В доме на Коровинской был раз и навсегда заведенный распорядок дня. Средняя дочь Циолковского — Мария Константиновна — вспоминает:
«День у нас протекал так. К 9 часам утра мы уходили в гимназии: я — в казенную, Аня — в частную (М. И. Шалаевой), отец — в епархиальное училище. Часам к 2 собирались.
Обедали вместе. Если кто из детей приходил раньше, то ждал, когда к столу соберутся все. Жизнь текла строго и размеренно.
В дореволюционное время было много религиозных праздников, и занятия в эти дни не проводились. Этими свободными днями отец пользовался для своей научной работы. В каникулы, сразу после утреннего чая, он брался за дела и работал до обеда, а после вечернего чая ездил на велосипеде в бор или ходил купаться на речку Ячейку.
Из знакомых отца у нас часто бывали Василий Иванович Ассонов с сыновьями Александром и Владимиром. Старший — Александр работал в Москве на заводе, через него можно было получить образцы латуни, жести, которые отцу нужны были для изготовления моделей дирижаблей. Бывали братья Доброхотовы, П. П. Каннинг, иногда случайные гости: студенты, гимназисты, учащиеся реального училища, интересовавшиеся трудами отца. Он любил рассказывать им о своих мечтах.
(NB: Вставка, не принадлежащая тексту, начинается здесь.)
(* Let $p\ge1$, $\sigma^2>0$, $\boldsymbol\beta\in\mathbb{R}^p$ not identically zero with $\beta_1\le\cdots\le\beta_p$, $\delta_1^2,\dots,\delta_p^2>0$, $\sum_{i=1}^p\beta_i/\delta_i^2\ge0$, and $\Sigma=\sigma^2\boldsymbol\beta\boldsymbol\beta^\top+\mathrm{diag}(\delta_1^2,\dots,\delta_p^2)$. Let $w=w^L$ be the long-only minimum variance portfolio (the minimizer of $w^\top\Sigma w$ subject to $w^\top\mathbf{1}_p=1$, $w\ge0$), $K=\{i:w_i>0\}$, $k=|K|$, $P=\{1,\dots,p\}$, and let $w^{LS}=\Sigma^{-1}\mathbf{1}_p/(\mathbf{1}_p^\top\Sigma^{-1}\mathbf{1}_p)$ be the long-short minimum variance portfolio. Then either $K=P$ and $w^{LS}=w^L$, or else $K\ne P$, $\sum_{j=1}^k\beta_j/\delta_j^2>0$, and for every $i$, $$w_i>0\iff \beta_i<\frac{\frac{1}{\sigma^2}+\sum_{j=1}^k\frac{\beta_j^2}{\delta_j^2}}{\sum_{j=1}^k\frac{\beta_j}{\delta_j^2}}.$$
   Context: $\mathbf{1}_p$ is the all-ones vector in $\mathbb{R}^p$. *)

theory Defs
  imports "Jordan_Normal_Form.Gauss_Jordan_Elimination"
begin

text \<open>Indices are 0-based: the paper's index i corresponds to i-1 here.
  d is the vector of idiosyncratic variances (d i = delta_(i+1)^2).\<close>

definition ones_vec :: "nat \<Rightarrow> real vec" where
  "ones_vec p = vec p (\<lambda>_. 1)"

definition factor_cov :: "nat \<Rightarrow> real \<Rightarrow> real vec \<Rightarrow> real vec \<Rightarrow> real mat" where
  "factor_cov p s2 \<beta> d = mat p p (\<lambda>(i,j). s2 * (\<beta> $ i) * (\<beta> $ j) + (if i = j then d $ i else 0))"

definition port_var :: "real mat \<Rightarrow> real vec \<Rightarrow> real" where
  "port_var S w = w \<bullet> (S *\<^sub>v w)"

definition long_only_feasible :: "nat \<Rightarrow> real vec \<Rightarrow> bool" where
  "long_only_feasible p w \<longleftrightarrow> w \<in> carrier_vec p \<and> w \<bullet> ones_vec p = 1 \<and> (\<forall>i<p. w $ i \<ge> 0)"

text \<open>w is the long-only minimum variance portfolio (the minimizer is unique since S is
  positive definite).\<close>
definition is_long_only_mvp :: "nat \<Rightarrow> real mat \<Rightarrow> real vec \<Rightarrow> bool" where
  "is_long_only_mvp p S w \<longleftrightarrow> long_only_feasible p w \<and>
     (\<forall>v. long_only_feasible p v \<longrightarrow> port_var S w \<le> port_var S v)"

definition long_short_mvp :: "nat \<Rightarrow> real mat \<Rightarrow> real vec" where
  "long_short_mvp p S = (let Si = the (mat_inverse S) in
      (1 / (ones_vec p \<bullet> (Si *\<^sub>v ones_vec p))) \<cdot>\<^sub>v (Si *\<^sub>v ones_vec p))"

end

theory Submission
  imports Defs "Jordan_Normal_Form.Determinant"
begin

text \<open>The long-only minimum variance portfolio w satisfies the KKT conditions: moving a small
  weight from an asset i with w_i > 0 to any asset j cannot lower the variance, so the marginal
  variance (S w)_i is a constant lam = w' S w > 0 on the support K and at least lam off it.
  For S = s2 beta beta' + diag d one has (S w)_i = c beta_i + d_i w_i with c = s2 beta'w.
  If K is everything then S w = lam 1, so w is the long-short portfolio. Otherwise
  w_i = (lam - c beta_i) / d_i on K and c beta_j \<ge> lam off K; summing beta_i w_i over K gives
  c (1/s2 + \<Sigma>_K beta^2/d) = lam \<Sigma>_K beta/d, and the hypothesis \<Sigma> beta/d \<ge> 0 rules out c < 0.
  Hence w_i > 0 iff beta_i < lam / c, which is the stated threshold, and by monotonicity of
  beta the support consists of the first k assets.\<close>

lemma port_var_add:
  fixes S :: "real mat"
  assumes S: "S \<in> carrier_mat n n" "transpose_mat S = S"
    and v: "v \<in> carrier_vec n" and u: "u \<in> carrier_vec n"
  shows "port_var S (v + u) = port_var S v + 2 * (u \<bullet> (S *\<^sub>v v)) + port_var S u"
proof -
  have "v \<bullet> (S *\<^sub>v u) = (S *\<^sub>v v) \<bullet> u"
    using transpose_vec_mult_scalar[OF S(1) u v] S(2) by simp
  also have "\<dots> = u \<bullet> (S *\<^sub>v v)"
    using S(1) u v by (intro comm_scalar_prod[of _ n]) auto
  finally have sym: "v \<bullet> (S *\<^sub>v u) = u \<bullet> (S *\<^sub>v v)" .
  have "port_var S (v + u) = (v + u) \<bullet> (S *\<^sub>v v + S *\<^sub>v u)"
    unfolding port_var_def using S(1) u v by (simp add: mult_add_distrib_mat_vec)
  also have "\<dots> = v \<bullet> (S *\<^sub>v v) + v \<bullet> (S *\<^sub>v u) + (u \<bullet> (S *\<^sub>v v) + u \<bullet> (S *\<^sub>v u))"
    using S(1) u v by (simp add: add_scalar_prod_distrib[of _ n] scalar_prod_add_distrib[of _ n])
  finally show ?thesis unfolding port_var_def sym by simp
qed

lemma port_var_smult:
  fixes S :: "real mat"
  assumes "S \<in> carrier_mat n n" and "u \<in> carrier_vec n"
  shows "port_var S (t \<cdot>\<^sub>v u) = t\<^sup>2 * port_var S u"
  using assms unfolding port_var_def by (simp add: mult_mat_vec power2_eq_square)
lemma ev2_hom: "ev2 u v 0 = 0" "ev2 u v (a + b) = ev2 u v a + ev2 u v b"
  "ev2 u v (a * b) = ev2 u v a * ev2 u v b" "ev2 u v 1 = 1"
  unfolding ev2_def by (rule poly_map_poly_hom; simp add: ev1_hom)+

lemma ev3_eq: "ev3 p u v w = poly (map_poly (ev2 u v) p) w"
  unfolding ev3_def ev2_def ev1_def ..

lemma ev3_hom: "ev3 (p + q) u v w = ev3 p u v w + ev3 q u v w"
  "ev3 (p * q) u v w = ev3 p u v w * ev3 q u v w" "ev3 1 u v w = 1" "ev3 0 u v w = 0"
  unfolding ev3_eq by (rule poly_map_poly_hom; simp add: ev2_hom)+

lemma ev3_diff: "ev3 (p - q) u v w = ev3 p u v w - ev3 q u v w"
  using ev3_hom(1)[of "p - q" q u v w] by (simp add: eq_diff_eq)

lemma ev3_power: "ev3 (p ^ n) u v w = ev3 p u v w ^ n"
  by (induction n) (simp_all add: ev3_hom)

lemma ev3_vars: "ev3 varU u v w = u" "ev3 varV u v w = v" "ev3 varW u v w = w"
  by (simp_all add: ev3_def varU_def varV_def varW_def map_poly_pCons)
lemma mult_transpose_orthonormal_cancel:
  fixes F Y :: "'a::comm_ring_1 mat"
  assumes F: "F \<in> carrier_mat n d" and orth: "transpose_mat F * F = 1\<^sub>m d" and Y: "Y \<in> carrier_mat k d"
  shows "Y * transpose_mat F * F = Y"
  using assoc_mult_mat[OF Y _ F, of "transpose_mat F"] F Y by (simp add: orth)

lemma nuclear_norm_conj_mat:
  fixes Fu Fv D :: "real mat"
  assumes Fu: "Fu \<in> carrier_mat m d" and Fv: "Fv \<in> carrier_mat n d" and D: "D \<in> carrier_mat d d"
    and orth_u: "transpose_mat Fu * Fu = 1\<^sub>m d" and orth_v: "transpose_mat Fv * Fv = 1\<^sub>m d"
  shows "nuclear_norm (Fu * D * transpose_mat Fv) = nuclear_norm D"
proof -
  have DD: "transpose_mat D * D \<in> carrier_mat d d"
    using D by simp
  have "transpose_mat D * D * transpose_mat Fv \<in> carrier_mat d n"
    using DD Fv by simp
  from sum_sqrt_proots_char_poly_mult_comm[OF Fv this]
  show ?thesis
    unfolding nuclear_norm_def transpose_conj_mat_mult_self[OF Fu Fv D orth_u]
      mult_transpose_orthonormal_cancel[OF Fv orth_v DD] .
qed

lemma sum_sq_entries_conj_mat:
  fixes Fu Fv E :: "real mat"
  assumes Fu: "Fu \<in> carrier_mat m d" and Fv: "Fv \<in> carrier_mat n d" and E: "E \<in> carrier_mat d d"
    and orth_u: "transpose_mat Fu * Fu = 1\<^sub>m d" and orth_v: "transpose_mat Fv * Fv = 1\<^sub>m d"
  shows "(\<Sum>i<m. \<Sum>j<n. ((Fu * E * transpose_mat Fv) $$ (i,j))^2) = (\<Sum>a<d. \<Sum>b<d. (E $$ (a,b))^2)"
proof -
  have EE: "transpose_mat E * E \<in> carrier_mat d d"
    using E by simp
  have "Fu * E * transpose_mat Fv \<in> carrier_mat m n"
    using Fu Fv E by simp
  from sum_sq_entries_eq_mat_trace[OF this]
  have "(\<Sum>i<m. \<Sum>j<n. ((Fu * E * transpose_mat Fv) $$ (i,j))^2)
      = mat_trace (Fv * (transpose_mat E * E * transpose_mat Fv))"
    unfolding transpose_conj_mat_mult_self[OF Fu Fv E orth_u] .
  also have "\<dots> = mat_trace (transpose_mat E * E * transpose_mat Fv * Fv)"
    using Fv EE by (intro mat_trace_mult_comm) auto
  also have "\<dots> = mat_trace (transpose_mat E * E)"
    unfolding mult_transpose_orthonormal_cancel[OF Fv orth_v EE] ..
  finally show ?thesis
    using sum_sq_entries_eq_mat_trace[OF E] by simp
qed
lemma vector_field_bracket [simp]:
  assumes D: "VF D" and E: "VF E" shows "VF (vf_bracket D E)"
  unfolding vector_field_def
proof (intro conjI allI impI)
  fix f assume "\<not> SF f"
  then show "vf_bracket D E f = (\<lambda>_. 0)"
    by (simp add: vf_bracket_def vector_field_nonsmooth[OF D] vector_field_nonsmooth[OF E]
        vector_field_zero_arg[OF D] vector_field_zero_arg[OF E])
next
  fix f g a b assume "SF f" "SF g"
  then show "vf_bracket D E (\<lambda>x. a * f x + b * g x) = (\<lambda>x. a * vf_bracket D E f x + b * vf_bracket D E g x)"
    using vector_field_smooth[OF D] vector_field_smooth[OF E]
    by (simp add: vf_bracket_def vector_field_lincomb_arg[OF D] vector_field_lincomb_arg[OF E]
        algebra_simps)
next
  fix f g assume "SF f" "SF g"
  then show "vf_bracket D E (\<lambda>x. f x * g x) = (\<lambda>x. f x * vf_bracket D E g x + vf_bracket D E f x * g x)"
    using vector_field_smooth[OF D] vector_field_smooth[OF E]
    by (simp add: vf_bracket_def vector_field_simps[OF D] vector_field_simps[OF E] algebra_simps)
qed (use D E in \<open>simp add: vf_bracket_def\<close>)

lemma vf_bracket_swap: "vf_bracket E D = (\<lambda>h x. - vf_bracket D E h x)"
  by (simp add: fun_eq_iff vf_bracket_apply)

lemma vf_bracket_self: "vf_bracket D D = (\<lambda>h x. 0)"
  by (simp add: fun_eq_iff vf_bracket_apply)

lemma vf_bracket_lincomb_left:
  assumes D: "VF D" and E: "VF E" and F: "VF F"
  shows "vf_bracket (\<lambda>h x. a * D h x + b * E h x) F
    = (\<lambda>h x. a * vf_bracket D F h x + b * vf_bracket E F h x)"
proof (intro ext)
  fix h x
  show "vf_bracket (\<lambda>h x. a * D h x + b * E h x) F h x = a * vf_bracket D F h x + b * vf_bracket E F h x"
  proof (cases "SF h")
    case True
    then show ?thesis
      by (simp add: vf_bracket_apply vector_field_lincomb_arg[OF F] D E algebra_simps)
  next
    case False
    then show ?thesis
      by (simp add: vf_bracket_apply vector_field_nonsmooth D E F vector_field_zero_arg[OF D]
          vector_field_zero_arg[OF E] vector_field_zero_arg[OF F])
  qed
qed

lemma vf_bracket_lincomb_right:
  assumes "VF D" "VF E" "VF F"
  shows "vf_bracket F (\<lambda>h x. a * D h x + b * E h x)
    = (\<lambda>h x. a * vf_bracket F D h x + b * vf_bracket F E h x)"
  using vf_bracket_lincomb_left[OF assms, of a b] by (simp add: vf_bracket_swap[of F] fun_eq_iff)

lemma vf_bracket_jacobi:
  assumes "VF D" "VF E" "VF F"
  shows "vf_bracket (vf_bracket D E) F
    = (\<lambda>h x. vf_bracket D (vf_bracket E F) h x - vf_bracket E (vf_bracket D F) h x)"
  using vector_field_smooth[OF assms(1)] vector_field_smooth[OF assms(2)] vector_field_smooth[OF assms(3)]
  by (simp add: vf_bracket_def fun_eq_iff vector_field_diff assms)

lemma vf_bracket_leibniz_right:
  assumes D: "VF D" and F: "VF F" and G: "VF G" and f: "SF f" and g: "SF g"
  shows "vf_bracket D (\<lambda>h x. f x * F h x + g x * G h x)
    = (\<lambda>h x. (f x * vf_bracket D F h x + D f x * F h x) + (g x * vf_bracket D G h x + D g x * G h x))"
proof (intro ext)
  fix h x
  show "vf_bracket D (\<lambda>h x. f x * F h x + g x * G h x) h x
    = (f x * vf_bracket D F h x + D f x * F h x) + (g x * vf_bracket D G h x + D g x * G h x)"
  proof (cases "SF h")
    case True
    then show ?thesis
      using f g vector_field_smooth[OF F] vector_field_smooth[OF G]
      by (simp add: vf_bracket_apply vector_field_simps[OF D] algebra_simps)
  next
    case False
    then show ?thesis
      by (simp add: vf_bracket_apply vector_field_nonsmooth D F G vector_field_zero_arg[OF D]
          vector_field_zero_arg[OF F] vector_field_zero_arg[OF G])
  qed
qed

lemma vf_bracket_jacobi_cyclic:
  assumes D: "VF D" and E: "VF E" and F: "VF F"
  shows "(\<lambda>h x. vf_bracket D (vf_bracket E F) h x + vf_bracket E (vf_bracket F D) h x
      + vf_bracket F (vf_bracket D E) h x) = (\<lambda>h x. 0)"
  using vector_field_smooth[OF D] vector_field_smooth[OF E] vector_field_smooth[OF F]
  by (simp add: vf_bracket_def fun_eq_iff vector_field_diff[OF D] vector_field_diff[OF E]
      vector_field_diff[OF F])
Бывали у нас изредка гости, знакомые родителям ещё по Боровску: Еремеевы, Казанские, Чертков. Обычно они приходили на папины или мамины именины. Мама пекла пироги, был торжественный чай с вареньем. Вина никогда не подавалось. Пустых разговоров, даже за праздничным столом, отец не любил. Если разговор казался ему скучным, он иногда, к ужасу матери, уходил от гостей к себе в комнату. Большие праздники у нас тоже отмечались. Мама была религиозна. Под Рождество зажигались лампады, на столах появлялись белые скатерти, пеклись пироги и покупался традиционный гусь.
К нам отец был обычно строг и не любил менять своих решений. Если на просьбу куда-либо пойти он говорил „нет“, то спорить было бесполезно — никакие слезы не помогали. Когда мы стали старше, нас начала тяготить такая строгость. Ведь хотелось погулять, сходить на бульвар, на каток.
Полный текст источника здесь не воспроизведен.